Les amoureuses de qui ?

Bastien : De moi, d’Arthur et de Loic..

Arthur : Oui mais on n’a pas envie qu’elle nous attrape et qu’elles soient nos amoureuses. En plus, moi je suis amoureux avec Lana, Leya avec Bastien et Alice avec Loic.

Pourquoi vous vous amusez à les attraper les filles ? Lana : Parce que c’est notre amoureux.

Bastien : Elles veulent tout le temps nous mettre en prison ».

On voit à travers cet exemple que le contact physique est recherché entre les filles et les garçons car ces dernières doivent attraper les garçons et les mettre en prison.
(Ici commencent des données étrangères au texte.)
(* Let $\beta,\delta\in(0,1)$, $K>0$, $T>0$, and consider the controlled system $$f'=\tfrac12 fm\beta L-\delta f-\eta_1(t)f,\qquad m'=\tfrac12 fm\beta L-\delta m+\eta_2(t)m,\qquad L=1-\frac{f+m}{K},$$ with given initial conditions. The admissible set is $U_1=\{(\eta_1,\eta_2)$ measurable, $0\le\eta_1\le1$, $0\le\eta_2<\delta\}$ and the objective is $J_1=\int_0^T\big(-(f+m)-\tfrac12(\eta_1^2+\eta_2^2)\big)dt$. An optimal control $(\eta_1^*,\eta_2^* )\in U_1$ maximizing $J_1$ is characterized by $$\eta_1^*(t)=\min(1,\max(0,-f\lambda_1)),\qquad \eta_2^*(t)=\min(1,\max(0,m\lambda_2)).$$ Here $(f,m)$ is the corresponding state and $(\lambda_1,\lambda_2)$ solves $$\lambda_1'=1-\lambda_1\Big[\tfrac{m\beta}{2}L-\tfrac{fm\beta}{2K}-\delta-\eta_1\Big]-\lambda_2\Big[\tfrac{m\beta}{2}L-\tfrac{fm\beta}{2K}\Big],$$ $$\lambda_2'=1-\lambda_1\Big[\tfrac{f\beta}{2}L-\tfrac{fm\beta}{2K}\Big]-\lambda_2\Big[\tfrac{f\beta}{2}L-\tfrac{fm\beta}{2K}-\delta+\eta_2\Big],$$ with $\lambda_1(T)=\lambda_2(T)=0$.
   Context: $f,m$ are female and male densities, $\eta_1$ is the female harvesting rate and $\eta_2$ the male stocking rate. The characterization is the necessary condition from Pontryagin's maximum principle with Hamiltonian $H_1=-(f+m)-\tfrac12(\eta_1^2+\eta_2^2)+\lambda_1f'+\lambda_2m'$. *)

theory Defs
  imports "HOL-Analysis.Analysis"
begin

definition Lfac :: "real \<Rightarrow> real \<Rightarrow> real \<Rightarrow> real" where
  "Lfac K x y = 1 - (x + y) / K"

definition admissible1 :: "real \<Rightarrow> real \<Rightarrow> (real \<Rightarrow> real) \<Rightarrow> (real \<Rightarrow> real) \<Rightarrow> bool" where
  "admissible1 \<delta> T \<eta>1 \<eta>2 \<longleftrightarrow>
     \<eta>1 \<in> borel_measurable (lebesgue_on {0..T}) \<and>
     \<eta>2 \<in> borel_measurable (lebesgue_on {0..T}) \<and>
     (\<forall>t\<in>{0..T}. 0 \<le> \<eta>1 t \<and> \<eta>1 t \<le> 1 \<and> 0 \<le> \<eta>2 t \<and> \<eta>2 t < \<delta>)"

text \<open>(f,m) is the state corresponding to the controls (eta1,eta2) with initial
  data (f0,m0): a (Caratheodory) solution of the state system on [0,T],
  written in integral form.\<close>
definition is_state1 ::
  "real \<Rightarrow> real \<Rightarrow> real \<Rightarrow> real \<Rightarrow> real \<Rightarrow> real \<Rightarrow> (real \<Rightarrow> real) \<Rightarrow> (real \<Rightarrow> real)
   \<Rightarrow> (real \<Rightarrow> real) \<Rightarrow> (real \<Rightarrow> real) \<Rightarrow> bool" where
  "is_state1 \<beta> \<delta> K T f0 m0 \<eta>1 \<eta>2 f m \<longleftrightarrow>
     f 0 = f0 \<and> m 0 = m0 \<and>
     (\<forall>t\<in>{0..T}.
        ((\<lambda>s. 1/2 * f s * m s * \<beta> * Lfac K (f s) (m s) - \<delta> * f s - \<eta>1 s * f s)
            has_integral (f t - f0)) {0..t} \<and>
        ((\<lambda>s. 1/2 * f s * m s * \<beta> * Lfac K (f s) (m s) - \<delta> * m s + \<eta>2 s * m s)
            has_integral (m t - m0)) {0..t})"

definition J1 :: "real \<Rightarrow> (real \<Rightarrow> real) \<Rightarrow> (real \<Rightarrow> real) \<Rightarrow> (real \<Rightarrow> real) \<Rightarrow> (real \<Rightarrow> real) \<Rightarrow> real" where
  "J1 T \<eta>1 \<eta>2 f m = integral {0..T} (\<lambda>t. - (f t + m t) - 1/2 * ((\<eta>1 t)\<^sup>2 + (\<eta>2 t)\<^sup>2))"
Il y a de nombreux jeux comme celui-ci entre les élèves comme celui de Flore et Sloan qu’ils ont appelé « trap-bisous-câlin » dans lequel ils nous expliquent qu’un des deux doit attraper l’autre et lui faire un câlin.

Les focus groupe nous ont beaucoup appris sur les différents jeux réalisés que nous n’avions pas forcément remarqué lors des observations et surtout dont nous n’avions pas toutes les explications pour les comprendre. Nous pouvons donc dire que de nombreux jeux de simulacre sont présents reprenant des moments vécus en classe mais aussi beaucoup de dessins animés et de films visionnés par les élèves. Nous avons aussi pris conscience de l’importance des jeux de démonstration amoureuse dont les élèves parlent beaucoup et qui permettent le rapprochement physique des corps.